Document version: 1.04 Last modified: January 30, 2009
NOTE: WinZip® users do not need to read or understand the information contained on this page. It is intended for developers of Zip file utilities.
Changes since the original version of this document are summarized in the Change History section below.
This document describes the file format that WinZip uses to create AES-encrypted Zip files. The AE-1 encryption specification was introduced in WinZip 9.0 Beta 1, released in May 2003. The AE-2 encryption specification, a minor variant of the original AE-1 specification differing only in how the CRC is handled, was introduced in WinZip 9.0 Beta 3, released in January, 2004. Note that as of WinZip 11, WinZip itself encrypts most files using the AE-1 format and encrypts others using the AE-2 format.
From time to time we may update the information provided here, for example to document any changes to the file formats, or to add additional notes or implementation tips.
Without compromising the basic Zip file format, WinZip Computing has extended the format specification to support AES encryption, and this document fully describes the format extension. Additionally, we are providing information about a no-cost third-party source for the actual AES encryption code--the same code that is used by WinZip. We believe that use of the free encryption code and of this specification will make it easy for all developers to add compatible advanced encryption to their Zip file utilities.
This document is not a tutorial on encryption or Zip file structure. While we have attempted to provide the necessary details of the current WinZip AES encryption format, developers and other interested third parties will need to have or obtain an understanding of basic encryption concepts, Zip file format, etc.
Developers should also review AES Coding Tips page.

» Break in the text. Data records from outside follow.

lemma walk_exit_decomp:
  assumes p: "walk V E p" and start: "hd p \<in> W" and leaves: "\<not> set p \<subseteq> W"
  obtains p1 p2 where "p = p1 @ p2" "walk W E p1" "hd p1 = hd p" "p2 \<noteq> []" "hd p2 \<notin> W"
    "{last p1, hd p2} \<in> E"
proof
  let ?p1 = "takeWhile (\<lambda>v. v \<in> W) p" and ?p2 = "dropWhile (\<lambda>v. v \<in> W) p"
  show split: "p = ?p1 @ ?p2" by simp
  obtain a r where ar: "p = a # r" using p by (cases p) auto
  then have p1: "?p1 \<noteq> []" "hd ?p1 = hd p" using start by auto
  show "?p2 \<noteq> []" using leaves by (auto simp: dropWhile_eq_Nil_conv)
  then show "hd ?p2 \<notin> W" by (rule hd_dropWhile)
  have "walk V E ?p1 \<and> {last ?p1, hd ?p2} \<in> E"
    using p split walk_append_iff[OF p1(1) \<open>?p2 \<noteq> []\<close>, of V E] by simp
  then show "walk W E ?p1" "{last ?p1, hd ?p2} \<in> E"
    by (auto intro: walk_restrict dest: set_takeWhileD)
  show "hd ?p1 = hd p" by (fact p1(2))
qed

lemma walk_distinct:
  "walk V E p \<Longrightarrow> \<exists>q. walk V E q \<and> distinct q \<and> hd q = hd p \<and> last q = last p \<and> set q \<subseteq> set p"
proof (induction "length p" arbitrary: p rule: less_induct)
  case less
  show ?case
  proof (cases "distinct p")
    case False
    then obtain xs ys zs u where p: "p = xs @ [u] @ ys @ [u] @ zs"
      using not_distinct_decomp by blast
    let ?q = "xs @ [u] @ zs"
    have loop: "walk V E (xs @ [u] @ ys)" and tail: "walk V E ([u] @ zs)"
      using less.prems p walk_append_iff[of "xs @ [u] @ ys" "[u] @ zs" V E] by auto
    have "walk V E (xs @ [u])"
      using loop walk_append_iff[of "xs @ [u]" ys V E] by (cases "ys = []") auto
    then have "walk V E ?q"
      using tail walk_append_iff[of xs "[u]" V E] walk_append_iff[of xs "[u] @ zs" V E]
      by (cases "xs = []") auto
    moreover have "length ?q < length p" "hd ?q = hd p" "last ?q = last p" "set ?q \<subseteq> set p"
      using p by (auto simp: hd_append)
    ultimately show ?thesis using less.hyps by fastforce
  qed (use less.prems in blast)
qed

section \<open>Reachability and shortest-path distance\<close>

definition reachable :: "'v set \<Rightarrow> 'v set set \<Rightarrow> 'v \<Rightarrow> 'v \<Rightarrow> bool" where
  "reachable W E u v \<longleftrightarrow> (\<exists>p. walk W E p \<and> hd p = u \<and> last p = v)"

definition connected_graph :: "'v set \<Rightarrow> 'v set set \<Rightarrow> bool" where
  "connected_graph W E \<longleftrightarrow> (\<forall>u\<in>W. \<forall>v\<in>W. reachable W E u v)"

lemma reachable_refl: "u \<in> W \<Longrightarrow> reachable W E u u"
  unfolding reachable_def by (rule exI[of _ "[u]"]) simp

lemma reachable_edge: "u \<in> W \<Longrightarrow> v \<in> W \<Longrightarrow> {u, v} \<in> E \<Longrightarrow> reachable W E u v"
  unfolding reachable_def by (rule exI[of _ "[u, v]"]) simp

lemma reachable_sym: "reachable W E u v \<Longrightarrow> reachable W E v u"
  unfolding reachable_def by (metis walk_rev hd_rev last_rev)

lemma reachable_trans: "reachable W E u v \<Longrightarrow> reachable W E v w \<Longrightarrow> reachable W E u w"
  unfolding reachable_def
proof (elim exE conjE)
  fix p q assume "walk W E p" "hd p = u" "last p = v" "walk W E q" "hd q = v" "last q = w"
  then show "\<exists>r. walk W E r \<and> hd r = u \<and> last r = w"
    using walk_join(1)[of W E p q] by (intro exI[of _ "p @ tl q"]) (cases q; cases p; auto)
qed

lemma reachable_subset: "reachable W E u v \<Longrightarrow> W \<subseteq> V \<Longrightarrow> reachable V E u v"
  unfolding reachable_def using walk_subset by blast

lemma connected_graph_singleton: "connected_graph {u} E"
  by (simp add: connected_graph_def reachable_refl)

lemma connected_graph_hub:
  assumes "\<And>u. u \<in> W \<Longrightarrow> reachable W E u h"
  shows "connected_graph W E"
  using assms unfolding connected_graph_def by (metis reachable_sym reachable_trans)

lemma connected_graph_Un_edge:
  assumes A: "connected_graph A E" and B: "connected_graph B E"
    and xy: "x \<in> A" "y \<in> B" "{x, y} \<in> E"
  shows "connected_graph (A \<union> B) E"
proof (rule connected_graph_hub)
  fix u assume u: "u \<in> A \<union> B"
  show "reachable (A \<union> B) E u x"
  proof (cases "u \<in> A")
    case True
    then show ?thesis using A xy by (auto simp: connected_graph_def intro: reachable_subset)
  next
    case False
    then have "reachable (A \<union> B) E u y"
      using B xy u by (auto simp: connected_graph_def intro: reachable_subset)
    moreover have "reachable (A \<union> B) E y x"
      using xy by (intro reachable_edge) (auto simp: insert_commute)
    ultimately show ?thesis by (rule reachable_trans)
  qed
qed

lemma reachable_cong:
  assumes "\<And>a b. a \<in> W \<Longrightarrow> b \<in> W \<Longrightarrow> {a, b} \<in> E \<longleftrightarrow> {a, b} \<in> F"
  shows "reachable W E = reachable W F"
  using walk_cong[OF assms] by (auto simp: reachable_def fun_eq_iff)

lemma tdist_cong:
  assumes "\<And>a b. a \<in> W \<Longrightarrow> b \<in> W \<Longrightarrow> {a, b} \<in> E \<longleftrightarrow> {a, b} \<in> F"
    and "\<And>a b. a \<in> W \<Longrightarrow> b \<in> W \<Longrightarrow> {a, b} \<in> E \<Longrightarrow> l {a, b} = m {a, b}"
  shows "tdist W E l = tdist W F m"
proof -
  have "{walk_length l p |p. walk W E p \<and> hd p = u \<and> last p = v} =
        {walk_length m p |p. walk W F p \<and> hd p = u \<and> last p = v}" for u v
    using walk_cong[of W E F, OF assms(1)] walk_length_cong[of W E l m, OF assms(2)] by force
  then show ?thesis by (simp add: tdist_def fun_eq_iff)
qed

lemma tdist_le_walk_length:
  assumes "\<forall>e\<in>E. 0 \<le> l e" "walk V E p" "hd p = u" "last p = v"
  shows "tdist V E l u v \<le> walk_length l p"
  unfolding tdist_def
  by (rule cInf_lower) (use assms walk_length_nonneg[of E l V] in \<open>auto intro!: bdd_belowI[of _ 0]\<close>)

lemma tdist_greatest:
  assumes "reachable V E u v" "\<And>p. walk V E p \<Longrightarrow> hd p = u \<Longrightarrow> last p = v \<Longrightarrow> c \<le> walk_length l p"
  shows "c \<le> tdist V E l u v"
  using assms unfolding tdist_def reachable_def by (intro cInf_greatest) auto

lemma tdist_self:
  assumes "\<forall>e\<in>E. 0 \<le> l e" "u \<in> V"
  shows "tdist V E l u u = 0"
proof (rule antisym)
  show "tdist V E l u u \<le> 0" using tdist_le_walk_length[of E l V "[u]"] assms by simp
  show "0 \<le> tdist V E l u u"
    using assms walk_length_nonneg[of E l V] by (intro tdist_greatest reachable_refl) auto
qed

lemma tdist_edge_le:
  "\<forall>e\<in>E. 0 \<le> l e \<Longrightarrow> u \<in> V \<Longrightarrow> v \<in> V \<Longrightarrow> {u, v} \<in> E \<Longrightarrow> tdist V E l u v \<le> l {u, v}"
  using tdist_le_walk_length[of E l V "[u, v]" u v] by simp

lemma tdist_triangle:
  assumes nonneg: "\<forall>e\<in>E. 0 \<le> l e" and uv: "reachable V E u v" and vw: "reachable V E v w"
  shows "tdist V E l u w \<le> tdist V E l u v + tdist V E l v w"
proof -
  have "tdist V E l u w - walk_length l q \<le> tdist V E l u v"
    if q: "walk V E q" "hd q = v" "last q = w" for q
  proof (rule tdist_greatest[OF uv])
    fix p assume p: "walk V E p" "hd p = u" "last p = v"
    have "hd (p @ tl q) = u" "last (p @ tl q) = w"
      using p q by (cases p; cases q; auto)+
    then have "tdist V E l u w \<le> walk_length l (p @ tl q)"
      using tdist_le_walk_length[OF nonneg walk_join(1)[OF p(1) q(1)]] p q by simp
    then have "tdist V E l u w \<le> walk_length l p + walk_length l q"
      using walk_join(2)[OF p(1) q(1)] p q by simp
    then show "tdist V E l u w - walk_length l q \<le> walk_length l p" by simp
  qed
  then have "tdist V E l u w - tdist V E l u v \<le> tdist V E l v w"
    by (intro tdist_greatest[OF vw]) force
  then show ?thesis by simp
qed

lemma tdist_step_le:
  assumes "\<forall>e\<in>E. 0 \<le> l e" "connected_graph V E" "s \<in> V" "a \<in> V" "b \<in> V" "{a, b} \<in> E"
  shows "tdist V E l s b \<le> tdist V E l s a + l {a, b}"
  using assms tdist_triangle[of E l V s a b] tdist_edge_le[of E l a V b]
  by (force simp: connected_graph_def)

lemma tdist_ge_potential:
  assumes "reachable V E u v"
    and "\<And>a b. a \<in> V \<Longrightarrow> b \<in> V \<Longrightarrow> {a, b} \<in> E \<Longrightarrow> f b - f a \<le> l {a, b}"
  shows "f v - f u \<le> tdist V E l u v"
  using assms walk_length_ge_potential[of V E f l] by (intro tdist_greatest) auto

lemma tdist_subset_le:
  assumes "\<forall>e\<in>E. 0 \<le> l e" "reachable W E u v" "W \<subseteq> V"
  shows "tdist V E l u v \<le> tdist W E l u v"
  using assms walk_subset[of W E _ V] tdist_le_walk_length[of E l V] by (intro tdist_greatest) auto

section \<open>Distances across a bridge\<close>

locale bridge_cut =
  fixes V :: "'v set" and E :: "'v set set" and l :: "'v set \<Rightarrow> real"
    and A B :: "'v set" and x y :: 'v
  assumes nonneg: "\<forall>e\<in>E. 0 \<le> l e"
    and partition: "V = A \<union> B" "A \<inter> B = {}"
    and ends: "x \<in> A" "y \<in> B" "{x, y} \<in> E"
    and only_bridge: "\<And>a b. {a, b} \<in> E \<Longrightarrow> a \<in> A \<Longrightarrow> b \<in> B \<Longrightarrow> a = x \<and> b = y"
    and connected_A: "connected_graph A E" and connected_B: "connected_graph B E"
begin

lemma swap: "bridge_cut V E l B A y x"
proof
  show "\<forall>e\<in>E. 0 \<le> l e" by (fact nonneg)
  show "V = B \<union> A" "B \<inter> A = {}" using partition by auto
  show "y \<in> B" "x \<in> A" "{y, x} \<in> E" using ends by (auto simp: insert_commute)
  show "a = y \<and> b = x" if "{a, b} \<in> E" "a \<in> B" "b \<in> A" for a b
    using only_bridge[of b a] that by (simp add: insert_commute)
  show "connected_graph B E" "connected_graph A E" by (fact connected_B connected_A)+
qed

lemma connected: "connected_graph V E"
  using connected_graph_Un_edge[OF connected_A connected_B ends] partition by simp

lemma tdist_across_le:
  assumes s: "s \<in> A" and v: "v \<in> B"
  shows "tdist V E l s v \<le> tdist A E l s x + l {x, y} + tdist B E l y v"
proof -
  have sV: "s \<in> V" and xV: "x \<in> V" and yV: "y \<in> V" and vV: "v \<in> V"
    using s v ends partition by auto
  have reach: "reachable V E a b" if "a \<in> V" "b \<in> V" for a b
    using connected that by (simp add: connected_graph_def)
  have "tdist V E l s v \<le> tdist V E l s x + tdist V E l x y + tdist V E l y v"
    using tdist_triangle[OF nonneg reach reach, of s x v] tdist_triangle[OF nonneg reach reach, of x y v]
      sV xV yV vV by simp
  moreover have "tdist V E l s x \<le> tdist A E l s x"
    using tdist_subset_le[OF nonneg] connected_A s ends partition by (auto simp: connected_graph_def)
  moreover have "tdist V E l y v \<le> tdist B E l y v"
    using tdist_subset_le[OF nonneg] connected_B v ends partition by (auto simp: connected_graph_def)
  moreover have "tdist V E l x y \<le> l {x, y}" using tdist_edge_le[OF nonneg xV yV ends(3)] .
  ultimately show ?thesis by simp
qed

text \<open>The right-hand side, as a function of v, vanishes at s and grows by at most l {a, b}
  along every edge ab, so it is a lower bound; the upper bound is the triangle inequality.\<close>

lemma tdist_eq_through_parts:
  assumes s: "s \<in> A" and v: "v \<in> V"
  shows "tdist V E l s v =
    (if v \<in> A then tdist A E l s v else tdist A E l s x + l {x, y} + tdist B E l y v)"
proof -
  define f where "f w = (if w \<in> A then tdist A E l s w else tdist A E l s x + l {x, y} + tdist B E l y w)"
    for w
  have "f b - f a \<le> l {a, b}" if ab: "a \<in> V" "b \<in> V" "{a, b} \<in> E" for a b
  proof -
    consider "a \<in> A" "b \<in> A" | "a \<in> A" "b \<in> B" | "a \<in> B" "b \<in> A" | "a \<in> B" "b \<in> B"
      using ab partition by blast
    then show ?thesis
    proof cases
      case 1
      then show ?thesis using tdist_step_le[OF nonneg connected_A s _ _ ab(3)] by (simp add: f_def)
    next
      case 2
      then have "a = x" "b = y" using only_bridge ab by auto
      then show ?thesis using 2 partition tdist_self[OF nonneg ends(2)] by (auto simp: f_def)
    next
      case 3
      then have "a = y" "b = x" using only_bridge[of b a] ab by (auto simp: insert_commute)
      then show ?thesis
        using 3 partition tdist_self[OF nonneg ends(2)] nonneg ends(3)
        by (auto simp: f_def insert_commute)
    next
      case 4
      then show ?thesis
        using partition tdist_step_le[OF nonneg connected_B ends(2) _ _ ab(3)] by (auto simp: f_def)
    qed
  qed
  moreover have "f s = 0" using tdist_self[OF nonneg s] s by (simp add: f_def)
  ultimately have "f v \<le> tdist V E l s v"
    using tdist_ge_potential[of V E s v f l] connected s v partition
    by (auto simp: connected_graph_def)
  moreover have "tdist V E l s v \<le> f v"
    using tdist_subset_le[OF nonneg] connected_A s v partition tdist_across_le[OF s]
    by (auto simp: f_def connected_graph_def)
  ultimately show ?thesis by (simp add: f_def)
qed

lemma tdist_within:
  "s \<in> A \<Longrightarrow> v \<in> A \<Longrightarrow> tdist V E l s v = tdist A E l s v"
  using tdist_eq_through_parts partition by simp

lemma tdist_across:
  "s \<in> A \<Longrightarrow> v \<in> B \<Longrightarrow> tdist V E l s v = tdist A E l s x + l {x, y} + tdist B E l y v"
  using tdist_eq_through_parts partition by auto

lemma tdist_through_bridge:
  assumes "s \<in> A" "v \<in> B"
  shows "tdist V E l s v = tdist V E l s x + l {x, y} + tdist V E l y v"
  using tdist_across[OF assms] tdist_within[OF assms(1) ends(1)]
    bridge_cut.tdist_within[OF swap ends(2) assms(2)] by simp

WinZip Computing makes no warranties regarding the information provided in this document. In particular, WinZip Computing does not represent or warrant that the information provided here is free from errors or is suitable for any particular use, or that the file formats described here will be supported in future versions of WinZip. You should test and validate all code and techniques in accordance with good programming practice.
Contents
To perform AES encryption and decryption, WinZip uses AES functions written by Dr. Brian Gladman. The source code for these functions is available in C/C++ and Pentium family assembler for anyone to use under an open source BSD or GPL license from the AES project page on Dr. Gladman's web site. The AES Coding Tips page also has some information on the use of these functions. WinZip Computing thanks Dr. Gladman for making his AES functions available to anyone under liberal license terms.
Dr. Gladman's encryption functions are portable to a number of operating systems and can be static linked into your applications, so there are no operating system version or library dependencies. In particular, the functions do not require Microsoft's Cryptography API.
General information on the AES standard and the encryption algorithm (also known as Rijndael) is readily available on the Internet. A good place to start is http://www.nist.gov/public_affairs/releases/g00-176.htm.
AES-encrypted files are stored within the guidelines of the standard Zip file format using only a new "extra data" field, a new compression method code, and a value in the CRC field dependant on the encryption version, AE-1 or AE-2. The basic Zip file format is otherwise unchanged.
WinZip sets the version needed to extract and version made by fields in the local and central headers to the same values it would use if the file were not encrypted.
The basic Zip file format specification used by WinZip is available via FTP from the Info-ZIP group at ftp://ftp.info-zip.org/pub/infozip/doc/appnote-iz-latest.zip.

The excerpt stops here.